Repeat exactly the lines below that lie between the line with "enat m \<and>" and the line with "M g) (density", counting both of those lines as part of the answer.
Top of DATASET CONTENT
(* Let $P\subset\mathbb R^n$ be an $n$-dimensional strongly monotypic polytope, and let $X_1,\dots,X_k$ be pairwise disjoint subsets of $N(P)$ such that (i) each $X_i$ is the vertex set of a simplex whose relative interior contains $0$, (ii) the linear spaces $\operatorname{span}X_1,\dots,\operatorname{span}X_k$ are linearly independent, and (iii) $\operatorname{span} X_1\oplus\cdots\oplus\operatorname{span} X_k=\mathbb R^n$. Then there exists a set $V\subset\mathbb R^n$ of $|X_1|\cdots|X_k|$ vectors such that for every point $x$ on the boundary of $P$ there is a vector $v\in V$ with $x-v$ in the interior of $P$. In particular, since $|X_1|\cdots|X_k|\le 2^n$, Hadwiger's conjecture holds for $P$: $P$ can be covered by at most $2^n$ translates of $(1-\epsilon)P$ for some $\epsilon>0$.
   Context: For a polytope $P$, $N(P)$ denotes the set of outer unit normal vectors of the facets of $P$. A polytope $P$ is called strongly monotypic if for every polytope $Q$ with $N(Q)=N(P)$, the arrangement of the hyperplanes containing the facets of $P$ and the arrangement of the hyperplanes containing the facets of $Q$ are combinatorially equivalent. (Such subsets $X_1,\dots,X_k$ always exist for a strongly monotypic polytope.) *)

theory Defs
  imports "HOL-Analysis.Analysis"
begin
Bottom of DATASET CONTENT
Top of DATASET CONTENT
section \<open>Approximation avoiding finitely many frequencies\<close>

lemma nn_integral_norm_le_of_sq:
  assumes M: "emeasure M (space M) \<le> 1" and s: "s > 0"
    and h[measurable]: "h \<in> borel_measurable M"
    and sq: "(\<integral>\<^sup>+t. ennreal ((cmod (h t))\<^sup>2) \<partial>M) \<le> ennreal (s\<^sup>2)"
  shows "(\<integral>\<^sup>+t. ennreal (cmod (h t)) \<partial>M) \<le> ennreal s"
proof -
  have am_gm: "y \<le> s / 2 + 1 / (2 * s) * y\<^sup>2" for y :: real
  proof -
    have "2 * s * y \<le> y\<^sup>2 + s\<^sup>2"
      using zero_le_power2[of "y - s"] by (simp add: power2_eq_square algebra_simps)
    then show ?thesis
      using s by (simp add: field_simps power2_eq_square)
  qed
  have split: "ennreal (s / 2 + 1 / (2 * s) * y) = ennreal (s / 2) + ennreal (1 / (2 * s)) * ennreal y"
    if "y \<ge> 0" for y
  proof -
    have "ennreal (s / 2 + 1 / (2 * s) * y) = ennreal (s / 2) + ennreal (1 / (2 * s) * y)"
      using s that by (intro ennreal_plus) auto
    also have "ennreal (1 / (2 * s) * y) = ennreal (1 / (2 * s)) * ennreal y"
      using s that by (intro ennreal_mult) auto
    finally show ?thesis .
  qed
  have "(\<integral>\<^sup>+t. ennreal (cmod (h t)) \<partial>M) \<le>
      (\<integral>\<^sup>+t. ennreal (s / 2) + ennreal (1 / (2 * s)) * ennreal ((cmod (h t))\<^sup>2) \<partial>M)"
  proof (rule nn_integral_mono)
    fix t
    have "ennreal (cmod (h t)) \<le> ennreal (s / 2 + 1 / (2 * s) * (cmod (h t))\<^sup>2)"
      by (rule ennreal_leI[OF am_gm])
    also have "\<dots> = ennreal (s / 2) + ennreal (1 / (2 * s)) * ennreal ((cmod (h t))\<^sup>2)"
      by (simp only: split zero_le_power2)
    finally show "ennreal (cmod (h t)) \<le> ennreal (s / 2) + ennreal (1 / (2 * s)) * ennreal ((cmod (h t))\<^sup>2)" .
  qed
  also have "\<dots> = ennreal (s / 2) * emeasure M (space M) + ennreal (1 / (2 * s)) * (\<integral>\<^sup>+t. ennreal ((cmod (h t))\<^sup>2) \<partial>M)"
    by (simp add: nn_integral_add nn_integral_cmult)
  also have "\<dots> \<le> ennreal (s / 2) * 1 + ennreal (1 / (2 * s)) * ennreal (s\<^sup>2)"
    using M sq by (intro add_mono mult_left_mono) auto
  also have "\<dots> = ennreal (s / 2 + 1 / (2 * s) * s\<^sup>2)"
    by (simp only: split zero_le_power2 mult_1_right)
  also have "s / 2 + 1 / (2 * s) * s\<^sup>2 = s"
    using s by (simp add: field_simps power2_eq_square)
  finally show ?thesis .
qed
Bottom of DATASET CONTENT
Top of DATASET CONTENT
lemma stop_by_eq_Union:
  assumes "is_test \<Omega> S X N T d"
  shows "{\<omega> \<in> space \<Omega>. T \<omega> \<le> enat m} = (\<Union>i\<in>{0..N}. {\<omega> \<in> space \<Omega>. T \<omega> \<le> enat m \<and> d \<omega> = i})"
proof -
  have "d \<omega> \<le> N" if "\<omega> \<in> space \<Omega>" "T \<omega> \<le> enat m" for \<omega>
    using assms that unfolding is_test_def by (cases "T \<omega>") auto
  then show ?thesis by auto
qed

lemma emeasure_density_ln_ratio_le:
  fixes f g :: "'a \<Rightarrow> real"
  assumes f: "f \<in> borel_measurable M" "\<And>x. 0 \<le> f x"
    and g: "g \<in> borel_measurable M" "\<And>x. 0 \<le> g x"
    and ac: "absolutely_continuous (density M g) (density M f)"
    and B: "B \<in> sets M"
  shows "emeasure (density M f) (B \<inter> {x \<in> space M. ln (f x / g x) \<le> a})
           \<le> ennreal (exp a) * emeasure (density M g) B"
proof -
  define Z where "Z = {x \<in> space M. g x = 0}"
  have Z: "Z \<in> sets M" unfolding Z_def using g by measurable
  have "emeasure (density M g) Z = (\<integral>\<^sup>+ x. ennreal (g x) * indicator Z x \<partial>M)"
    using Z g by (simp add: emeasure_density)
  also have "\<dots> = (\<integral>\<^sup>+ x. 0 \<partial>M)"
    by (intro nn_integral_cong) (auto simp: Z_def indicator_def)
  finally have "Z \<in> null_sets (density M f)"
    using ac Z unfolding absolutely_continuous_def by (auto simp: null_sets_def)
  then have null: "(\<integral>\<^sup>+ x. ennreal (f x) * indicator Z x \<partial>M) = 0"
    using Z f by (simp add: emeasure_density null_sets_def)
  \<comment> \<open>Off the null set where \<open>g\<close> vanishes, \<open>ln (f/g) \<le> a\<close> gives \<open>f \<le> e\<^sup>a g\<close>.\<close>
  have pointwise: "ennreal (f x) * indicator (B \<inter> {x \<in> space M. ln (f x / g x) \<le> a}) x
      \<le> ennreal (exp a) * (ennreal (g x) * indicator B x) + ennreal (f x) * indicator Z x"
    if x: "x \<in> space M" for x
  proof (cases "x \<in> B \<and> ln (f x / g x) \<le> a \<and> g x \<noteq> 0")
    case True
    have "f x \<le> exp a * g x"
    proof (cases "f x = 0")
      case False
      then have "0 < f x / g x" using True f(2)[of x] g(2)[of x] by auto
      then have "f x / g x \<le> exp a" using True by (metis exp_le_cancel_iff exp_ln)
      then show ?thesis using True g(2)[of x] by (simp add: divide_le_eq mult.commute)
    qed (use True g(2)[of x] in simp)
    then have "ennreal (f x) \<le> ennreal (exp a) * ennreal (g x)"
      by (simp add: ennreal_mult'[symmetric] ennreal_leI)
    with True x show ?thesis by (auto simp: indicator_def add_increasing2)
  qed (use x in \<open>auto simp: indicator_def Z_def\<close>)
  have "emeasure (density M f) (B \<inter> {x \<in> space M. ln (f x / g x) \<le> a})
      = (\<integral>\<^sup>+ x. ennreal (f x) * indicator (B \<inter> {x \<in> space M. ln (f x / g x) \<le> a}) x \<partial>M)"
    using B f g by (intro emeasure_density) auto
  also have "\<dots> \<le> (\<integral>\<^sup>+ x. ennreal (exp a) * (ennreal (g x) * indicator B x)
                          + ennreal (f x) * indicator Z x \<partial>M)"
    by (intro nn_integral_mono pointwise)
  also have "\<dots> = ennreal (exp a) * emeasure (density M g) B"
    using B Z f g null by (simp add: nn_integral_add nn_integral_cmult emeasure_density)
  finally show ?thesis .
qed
Bottom of DATASET CONTENT
:: ANSWER SPACE ::
  shows "{\<omega> \<in> space \<Omega>. T \<omega> \<le> enat m} = (\<Union>i\<in>{0..N}. {\<omega> \<in> space \<Omega>. T \<omega> \<le> enat m \<and> d \<omega> = i})"
proof -
  have "d \<omega> \<le> N" if "\<omega> \<in> space \<Omega>" "T \<omega> \<le> enat m" for \<omega>
    using assms that unfolding is_test_def by (cases "T \<omega>") auto
  then show ?thesis by auto
qed

lemma emeasure_density_ln_ratio_le:
  fixes f g :: "'a \<Rightarrow> real"
  assumes f: "f \<in> borel_measurable M" "\<And>x. 0 \<le> f x"
    and g: "g \<in> borel_measurable M" "\<And>x. 0 \<le> g x"
    and ac: "absolutely_continuous (density M g) (density M f)"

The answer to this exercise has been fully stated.